lemma pos_coneable_if_vanishing_seqs:
  assumes "\<And>C H. C > 0 \<Longrightarrow> vanishing_seq (range cantor4) C H \<in> X"
  shows "pos_coneable X (Pow (UNIV :: real set))"
proof -
  obtain e :: "real set \<Rightarrow> nat set" where e: "inj_on e (Fpow UNIV)"
    using Fpow_reals_lepoll_nat_sets unfolding lepoll_def by blast
  define j where "j = cantor4 \<circ> e"
  have j: "inj_on j (Fpow UNIV)" "j ` Fpow UNIV \<subseteq> range cantor4"
    unfolding j_def using e inj_cantor4 by (auto intro: comp_inj_on inj_on_subset)
  define \<Phi> where "\<Phi> S = vanishing_seq (range cantor4) 1 (indicator (j ` Fpow S))" for S
  obtain a0 where a0: "a0 \<in> I"
    using index_nonempty by blast
  have \<Phi>_code: "\<Phi> S a0 (j T) = of_bool (T \<subseteq> S)" if "finite T" for S T
    unfolding \<Phi>_def using vanishing_seq_subset_code[OF j _ a0 that] cantor4_range by blast
  have sum_\<Phi>: "(\<lambda>a x. \<Sum>S\<in>SS. d S * \<Phi> S a x)
      = vanishing_seq (range cantor4) (sum d SS) (\<lambda>x. \<Sum>S\<in>SS. d S * indicator (j ` Fpow S) x)" for SS d
    unfolding \<Phi>_def using vanishing_seq_sum[of d _ "\<lambda>_. 1"] by simp
  show ?thesis
  proof (rule pos_coneable_image)
    show "inj_on \<Phi> (Pow UNIV)"
    proof (rule inj_onI)
      fix S S' assume eq: "\<Phi> S = \<Phi> S'"
      have "t \<in> S \<longleftrightarrow> t \<in> S'" for t
        using \<Phi>_code[of "{t}" S] \<Phi>_code[of "{t}" S'] eq by (simp add: of_bool_eq_iff)
      then show "S = S'"
        by blast
    qed
  next
    fix SS d assume SS: "finite SS" "SS \<subseteq> Pow UNIV"
      and zero: "(\<lambda>a x. \<Sum>S\<in>SS. d S * \<Phi> S a x) = (\<lambda>a x. 0)"
    have "(\<Sum>S\<in>SS. if T \<subseteq> S then d S else 0) = 0" if "finite T" for T
    proof -
      have "(\<Sum>S\<in>SS. if T \<subseteq> S then d S else 0) = (\<Sum>S\<in>SS. d S * \<Phi> S a0 (j T))"
        by (intro sum.cong) (simp_all add: \<Phi>_code[OF that])
      also have "\<dots> = 0"
        using fun_cong[OF fun_cong[OF zero, of a0], of "j T"] by simp
      finally show ?thesis .
    qed
    then show "\<forall>S\<in>SS. d S = 0"
      using finite_subset_indicators_independent[OF SS(1)] by blast
  next
    fix SS and d :: "real set \<Rightarrow> real" assume "finite SS" "SS \<noteq> {}" "\<forall>S\<in>SS. d S > 0"
    then show "(\<lambda>a x. \<Sum>S\<in>SS. d S * \<Phi> S a x) \<in> X"
      unfolding sum_\<Phi> by (intro assms sum_pos) auto
  qed
qed

end
lemma exponent_bounds:
  fixes s a t :: real
  assumes "0 < s" "a = s^2" "a \<le> 1/3" "t = pi * (s*a) * exponent_poly a"
  shows "-4/25 \<le> t" "t \<le> 157/50 * (s*a) * (-1/4 + 3*a/8 - 13*a^2/50)"
proof -
  have "0 < a" "0 < s*a" using assms(1,2) by simp_all
  have "s^2 < (2887/5000)^2" using assms(2,3) by (simp add: power2_eq_square)
  then have "s < 2887/5000" by (rule power_less_imp_less_base) (use assms(1) in simp)
  then have "s*a \<le> 2887/5000 * a" using \<open>0 < a\<close> by (intro mult_right_mono) simp_all
  then have "s*a \<le> 2887/15000" using assms(3) by linarith
  have "157/50 \<le> pi" "pi \<le> 3927/1250" using pi_approx by simp_all
  note K = exponent_poly_bounds[OF less_imp_le[OF \<open>0 < a\<close>] assms(3)]
  have "pi * (s*a) * (-1/4) \<le> t"
    unfolding assms(4) using K(1) \<open>0 < s*a\<close> by (intro mult_left_mono) simp_all
  moreover have "pi * (s*a) \<le> 3927/1250 * (2887/15000)"
    using \<open>pi \<le> 3927/1250\<close> \<open>s*a \<le> 2887/15000\<close> \<open>0 < s*a\<close> by (intro mult_mono) simp_all
  ultimately show "-4/25 \<le> t" by linarith
  have "-1/4 + 3*a/8 - 13*a^2/50 \<le> -1/8" using assms(3) zero_le_power2[of a] by linarith
  then have "pi * (s*a) * (-1/4 + 3*a/8 - 13*a^2/50) \<le> 157/50 * (s*a) * (-1/4 + 3*a/8 - 13*a^2/50)"
    using \<open>157/50 \<le> pi\<close> \<open>0 < s*a\<close> by (intro mult_right_mono_neg mult_right_mono) auto
  moreover have "t \<le> pi * (s*a) * (-1/4 + 3*a/8 - 13*a^2/50)"
    unfolding assms(4) using K(2) \<open>0 < s*a\<close> by (intro mult_left_mono) simp_all
  ultimately show "t \<le> 157/50 * (s*a) * (-1/4 + 3*a/8 - 13*a^2/50)" by linarith
qed
lemma dual_momenta_duality:
  fixes \<gamma> p a :: "nat \<Rightarrow> complex"
  assumes inj\<gamma>: "inj_on \<gamma> {..r}" and inja: "inj_on a {..r}" and W: "Wr r \<gamma> p a"
  shows "Wr r a (dual_momenta r \<gamma> p a) \<gamma>"
    and "\<And>i. i \<le> r \<Longrightarrow> dual_momenta r a (dual_momenta r \<gamma> p a) \<gamma> i = p i"
proof -
  let ?n = "Suc r" and ?G = "mat_diag (Suc r) \<gamma>" and ?A = "mat_diag (Suc r) a"
  have "char_poly (lax_mat r \<gamma> p) = (\<Prod>i<?n. [:- a i, 1:])" and "inj_on a {..<?n}"
    using W inja by (simp_all add: Wr_iff_char_poly[OF inj\<gamma>] lessThan_Suc_atMost)
  then obtain U Ui where sim: "similar_mat_wit (lax_mat r \<gamma> p) ?A U Ui"
    by (rule diagonalize_distinct_eigenvalues[OF lax_mat_carrier])
  note U = similar_mat_wit_mat_diagD(2-6)[OF sim]
  define Y where "Y = Ui * ?G * U"
  define f where "f i = (\<Sum>m<?n. Ui $$ (i,m) * lagrange_weight r \<gamma> m)" for i
  define h where "h k = (\<Sum>l<?n. inverse (lagrange_weight r \<gamma> l) * U $$ (l,k))" for k
  define e where "e k = f k * lagrange_weight r a k" for k
  have Y: "Y \<in> carrier_mat ?n ?n"
    unfolding Y_def by (rule mult_carrier_mat[OF mult_carrier_mat[OF U(2) mat_diag_dim] U(1)])
  have rel: "(a i - a k) * Y $$ (i,k) = f i * h k - (if i = k then 1 else 0)" if "i \<le> r" "k \<le> r" for i k
    unfolding Y_def f_def h_def using that
    by (intro commutator_in_eigenbasis[OF sim lax_mat_commutator[OF inj\<gamma>, unfolded divide_inverse]]) auto
  have e: "e k \<noteq> 0" if "k < ?n" for k
    using rel[of k k] lagrange_weight_nonzero[OF inja, of k] that by (auto simp: e_def)
  have "lax_mat r a (dual_momenta r \<gamma> p a) = mat_diag ?n e * transpose_mat Y * mat_diag ?n (\<lambda>k. 1 / e k)"
    unfolding e_def
    by (rule lax_mat_dual_eq[OF inja Y rel]) (simp_all add: dual_momenta_eigenbasis[OF inja sim] Y_def)
  moreover have "similar_mat_wit Y ?G Ui U"
    unfolding Y_def using U by (intro similar_mat_witI[of _ _ ?n]) auto
  ultimately have sim': "similar_mat_wit (lax_mat r a (dual_momenta r \<gamma> p a)) ?G
      (mat_diag ?n e * transpose_mat U) (transpose_mat Ui * mat_diag ?n (\<lambda>k. 1 / e k))"
    using similar_mat_wit_transpose_conj[OF _ _ Y mat_diag_dim mat_diag_dim mat_diag_mult_inverse[OF e]] by simp
  have "char_poly (lax_mat r a (dual_momenta r \<gamma> p a)) = char_poly ?G"
    using sim' char_poly_similar unfolding similar_mat_def by blast
  then show "Wr r a (dual_momenta r \<gamma> p a) \<gamma>"
    by (simp add: Wr_iff_char_poly[OF inja] char_poly_mat_diag lessThan_Suc_atMost)
  show "dual_momenta r a (dual_momenta r \<gamma> p a) \<gamma> i = p i" if i: "i \<le> r" for i
  proof -
    have "dual_momenta r a (dual_momenta r \<gamma> p a) \<gamma> i =
        (transpose_mat Ui * mat_diag ?n (\<lambda>k. 1 / e k) * ?A * (mat_diag ?n e * transpose_mat U)) $$ (i,i)
        + nodal_deriv r \<gamma> i i"
      by (rule dual_momenta_eigenbasis[OF inj\<gamma> sim' i])
    also have "\<dots> = (U * ?A * Ui) $$ (i,i) + nodal_deriv r \<gamma> i i"
      using i e by (subst diag_entry_transpose_conj[OF U(1,2)]) auto
    also have "\<dots> = p i"
      using i by (simp flip: U(5) add: lax_mat_def)
    finally show ?thesis .
  qed
qed

section \<open>Rational functions on the spaces of opers\<close>

definition rational_on :: "(var \<Rightarrow> complex) set \<Rightarrow> ((var \<Rightarrow> complex) \<Rightarrow> complex) \<Rightarrow> bool" where
  "rational_on S f \<longleftrightarrow> (\<exists>g\<in>polyfun. \<exists>h\<in>polyfun. \<forall>v\<in>S. h v \<noteq> 0 \<and> f v = g v / h v)"

lemma Fun_eq: "Fun S = {f. (\<forall>v. v \<notin> S \<longrightarrow> f v = 0) \<and> rational_on S f}"
  unfolding Fun_def rational_on_def by simp

lemma rational_on_polyfun: "g \<in> polyfun \<Longrightarrow> rational_on S g"
  unfolding rational_on_def by (intro bexI[of _ g] bexI[of _ "\<lambda>v. 1"]) (auto intro: polyfun.const)

lemma rational_on_const: "rational_on S (\<lambda>v. c)"
  by (rule rational_on_polyfun) (rule polyfun.const)

lemma rational_on_coord: "rational_on S (\<lambda>v. v k)"
  by (rule rational_on_polyfun) (rule polyfun.coord)

lemma rational_on_cong: "(\<And>v. v \<in> S \<Longrightarrow> f v = g v) \<Longrightarrow> rational_on S g \<Longrightarrow> rational_on S f"
  unfolding rational_on_def by metis

lemma rational_onE:
  assumes "rational_on S f"
  obtains g h where "g \<in> polyfun" "h \<in> polyfun" "\<And>v. v \<in> S \<Longrightarrow> h v \<noteq> 0" "\<And>v. v \<in> S \<Longrightarrow> f v = g v / h v"
  using assms unfolding rational_on_def by blast

lemma rational_onI:
  assumes "g \<in> polyfun" "h \<in> polyfun" "\<And>v. v \<in> S \<Longrightarrow> h v \<noteq> 0 \<and> f v = g v / h v"
  shows "rational_on S f"
  using assms unfolding rational_on_def by blast

lemma rational_on_add:
  assumes "rational_on S f" "rational_on S f'"
  shows "rational_on S (\<lambda>v. f v + f' v)"
proof -
  obtain g h where "g \<in> polyfun" "h \<in> polyfun" "\<And>v. v \<in> S \<Longrightarrow> h v \<noteq> 0 \<and> f v = g v / h v"
    using assms(1) by (auto elim: rational_onE)
  moreover obtain g' h' where "g' \<in> polyfun" "h' \<in> polyfun" "\<And>v. v \<in> S \<Longrightarrow> h' v \<noteq> 0 \<and> f' v = g' v / h' v"
    using assms(2) by (auto elim: rational_onE)
  ultimately show ?thesis
    by (intro rational_onI[where g = "\<lambda>v. g v * h' v + g' v * h v" and h = "\<lambda>v. h v * h' v"])
      (auto intro: polyfun.add polyfun.mult simp: field_simps)
qed

lemma rational_on_mult:
  assumes "rational_on S f" "rational_on S f'"
  shows "rational_on S (\<lambda>v. f v * f' v)"
proof -
  obtain g h where "g \<in> polyfun" "h \<in> polyfun" "\<And>v. v \<in> S \<Longrightarrow> h v \<noteq> 0 \<and> f v = g v / h v"
    using assms(1) by (auto elim: rational_onE)
  moreover obtain g' h' where "g' \<in> polyfun" "h' \<in> polyfun" "\<And>v. v \<in> S \<Longrightarrow> h' v \<noteq> 0 \<and> f' v = g' v / h' v"
    using assms(2) by (auto elim: rational_onE)
  ultimately show ?thesis
    by (intro rational_onI[where g = "\<lambda>v. g v * g' v" and h = "\<lambda>v. h v * h' v"])
      (auto intro: polyfun.mult)
qed

lemma rational_on_divide:
  assumes "rational_on S f" "rational_on S f'" "\<And>v. v \<in> S \<Longrightarrow> f' v \<noteq> 0"
  shows "rational_on S (\<lambda>v. f v / f' v)"
proof -
  obtain g h where "g \<in> polyfun" "h \<in> polyfun" "\<And>v. v \<in> S \<Longrightarrow> h v \<noteq> 0 \<and> f v = g v / h v"
    using assms(1) by (auto elim: rational_onE)
  moreover obtain g' h' where "g' \<in> polyfun" "h' \<in> polyfun" "\<And>v. v \<in> S \<Longrightarrow> h' v \<noteq> 0 \<and> f' v = g' v / h' v"
    using assms(2) by (auto elim: rational_onE)
  ultimately show ?thesis
    using assms(3) by (intro rational_onI[where g = "\<lambda>v. g v * h' v" and h = "\<lambda>v. h v * g' v"])
      (auto intro: polyfun.mult)
qed

lemma rational_on_diff:
  assumes "rational_on S f" "rational_on S f'"
  shows "rational_on S (\<lambda>v. f v - f' v)"
  using rational_on_add[OF assms(1) rational_on_mult[OF rational_on_const assms(2)], of "- 1"]
  by (rule rational_on_cong[rotated]) simp

lemma rational_on_if: "rational_on S f \<Longrightarrow> rational_on S g \<Longrightarrow> rational_on S (\<lambda>v. if c then f v else g v)"
  by (cases c) auto

lemma rational_on_sum:
  "finite I \<Longrightarrow> (\<And>i. i \<in> I \<Longrightarrow> rational_on S (f i)) \<Longrightarrow> rational_on S (\<lambda>v. \<Sum>i\<in>I. f i v)"
  by (induction I rule: finite_induct) (auto intro: rational_on_add rational_on_const)

lemma rational_on_prod:
  "finite I \<Longrightarrow> (\<And>i. i \<in> I \<Longrightarrow> rational_on S (f i)) \<Longrightarrow> rational_on S (\<lambda>v. \<Prod>i\<in>I. f i v)"
  by (induction I rule: finite_induct) (auto intro: rational_on_mult rational_on_const)

lemma rational_on_polyfun_comp:
  "g \<in> polyfun \<Longrightarrow> (\<And>k. rational_on S (\<lambda>v. \<psi> v k)) \<Longrightarrow> rational_on S (\<lambda>v. g (\<psi> v))"
  by (induction g rule: polyfun.induct) (auto intro: rational_on_const rational_on_add rational_on_mult)

lemma restr_comp_in_Fun:
  assumes maps: "\<And>w. w \<in> S' \<Longrightarrow> \<psi> w \<in> S" and rat: "\<And>k. rational_on S' (\<lambda>w. \<psi> w k)"
    and f: "f \<in> Fun S"
  shows "restr S' (\<lambda>w. f (\<psi> w)) \<in> Fun S'"
proof -
  obtain g h where gh: "g \<in> polyfun" "h \<in> polyfun" "\<And>v. v \<in> S \<Longrightarrow> h v \<noteq> 0" "\<And>v. v \<in> S \<Longrightarrow> f v = g v / h v"
    using f unfolding Fun_def by blast
  have "rational_on S' (\<lambda>w. g (\<psi> w) / h (\<psi> w))"
    using gh(3) maps
    by (intro rational_on_divide rational_on_polyfun_comp[OF gh(1)] rational_on_polyfun_comp[OF gh(2)] rat) auto
  then have "rational_on S' (restr S' (\<lambda>w. f (\<psi> w)))"
    by (rule rational_on_cong[rotated]) (simp add: restr_def gh(4) maps)
  then show ?thesis unfolding Fun_eq by (simp add: restr_def)
qed

lemma bij_betw_restr_comp:
  assumes \<phi>: "\<And>v. v \<in> S \<Longrightarrow> \<phi> v \<in> S'" and \<psi>: "\<And>w. w \<in> S' \<Longrightarrow> \<psi> w \<in> S"
    and \<psi>\<phi>: "\<And>v. v \<in> S \<Longrightarrow> \<psi> (\<phi> v) = v" and \<phi>\<psi>: "\<And>w. w \<in> S' \<Longrightarrow> \<phi> (\<psi> w) = w"
    and rat_\<phi>: "\<And>k. rational_on S (\<lambda>v. \<phi> v k)" and rat_\<psi>: "\<And>k. rational_on S' (\<lambda>w. \<psi> w k)"
  shows "bij_betw (\<lambda>f. restr S' (\<lambda>w. f (\<psi> w))) (Fun S) (Fun S')"
proof (rule bij_betw_byWitness[where f' = "\<lambda>f. restr S (\<lambda>v. f (\<phi> v))"])
  have vanish: "f v = 0" if "f \<in> Fun X" "v \<notin> X" for f v X using that unfolding Fun_def by auto
  show "\<forall>f\<in>Fun S. restr S (\<lambda>v. restr S' (\<lambda>w. f (\<psi> w)) (\<phi> v)) = f"
  proof (intro ballI ext)
    fix f v assume "f \<in> Fun S"
    then show "restr S (\<lambda>v. restr S' (\<lambda>w. f (\<psi> w)) (\<phi> v)) v = f v"
      using vanish[of f S v] \<phi> \<psi>\<phi> unfolding restr_def by auto
  qed
  show "\<forall>f\<in>Fun S'. restr S' (\<lambda>w. restr S (\<lambda>v. f (\<phi> v)) (\<psi> w)) = f"
  proof (intro ballI ext)
    fix f w assume "f \<in> Fun S'"
    then show "restr S' (\<lambda>w. restr S (\<lambda>v. f (\<phi> v)) (\<psi> w)) w = f w"
      using vanish[of f S' w] \<psi> \<phi>\<psi> unfolding restr_def by auto
  qed
  show "(\<lambda>f. restr S' (\<lambda>w. f (\<psi> w))) ` Fun S \<subseteq> Fun S'"
    using restr_comp_in_Fun[OF \<psi> rat_\<psi>] by blast
  show "(\<lambda>f. restr S (\<lambda>v. f (\<phi> v))) ` Fun S' \<subseteq> Fun S"
    using restr_comp_in_Fun[OF \<phi> rat_\<phi>] by blast
qed

lemma Fun_iso_of_birational:
  assumes \<phi>: "\<And>v. v \<in> S \<Longrightarrow> \<phi> v \<in> S'" and \<psi>: "\<And>w. w \<in> S' \<Longrightarrow> \<psi> w \<in> S"
    and \<psi>\<phi>: "\<And>v. v \<in> S \<Longrightarrow> \<psi> (\<phi> v) = v" and \<phi>\<psi>: "\<And>w. w \<in> S' \<Longrightarrow> \<phi> (\<psi> w) = w"
    and rat_\<phi>: "\<And>k. rational_on S (\<lambda>v. \<phi> v k)" and rat_\<psi>: "\<And>k. rational_on S' (\<lambda>w. \<psi> w k)"
    and fix_G: "\<And>w i. w \<in> S' \<Longrightarrow> \<psi> w (G i) = w (G i)"
    and fix_A: "\<And>w i. w \<in> S' \<Longrightarrow> \<psi> w (A i) = w (A i)"
  shows "Fun_iso S S' (\<lambda>f. restr S' (\<lambda>w. f (\<psi> w))) r"
  unfolding Fun_iso_def
proof (intro conjI allI ballI impI)
  let ?T = "\<lambda>f. restr S' (\<lambda>w. f (\<psi> w))"
  show "bij_betw ?T (Fun S) (Fun S')" by (rule bij_betw_restr_comp[OF assms(1-6)])
  show "?T (\<lambda>v. f v + g v) = (\<lambda>v. ?T f v + ?T g v)" for f g unfolding restr_def by auto
  show "?T (\<lambda>v. f v * g v) = (\<lambda>v. ?T f v * ?T g v)" for f g unfolding restr_def by auto
  show "?T (restr S (\<lambda>v. c)) = restr S' (\<lambda>v. c)" for c
    unfolding restr_def using \<psi> by auto
  show "?T (restr S (\<lambda>v. v (G i))) = restr S' (\<lambda>v. v (G i))" for i
    unfolding restr_def using \<psi> fix_G by auto
  show "?T (restr S (\<lambda>v. v (A i))) = restr S' (\<lambda>v. v (A i))" for i
    unfolding restr_def using \<psi> fix_A by auto
qed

● ● ● ●

Given the records above, return exactly the lines starting at the line containing "by (rule rational_on_cong[rotated]) simp" and ending at the line containing "S (\<lambda>v. \<Prod>i\<in>I.", including both.

  by (rule rational_on_cong[rotated]) simp

lemma rational_on_if: "rational_on S f \<Longrightarrow> rational_on S g \<Longrightarrow> rational_on S (\<lambda>v. if c then f v else g v)"
  by (cases c) auto

lemma rational_on_sum:
  "finite I \<Longrightarrow> (\<And>i. i \<in> I \<Longrightarrow> rational_on S (f i)) \<Longrightarrow> rational_on S (\<lambda>v. \<Sum>i\<in>I. f i v)"
  by (induction I rule: finite_induct) (auto intro: rational_on_add rational_on_const)

lemma rational_on_prod:
  "finite I \<Longrightarrow> (\<And>i. i \<in> I \<Longrightarrow> rational_on S (f i)) \<Longrightarrow> rational_on S (\<lambda>v. \<Prod>i\<in>I. f i v)"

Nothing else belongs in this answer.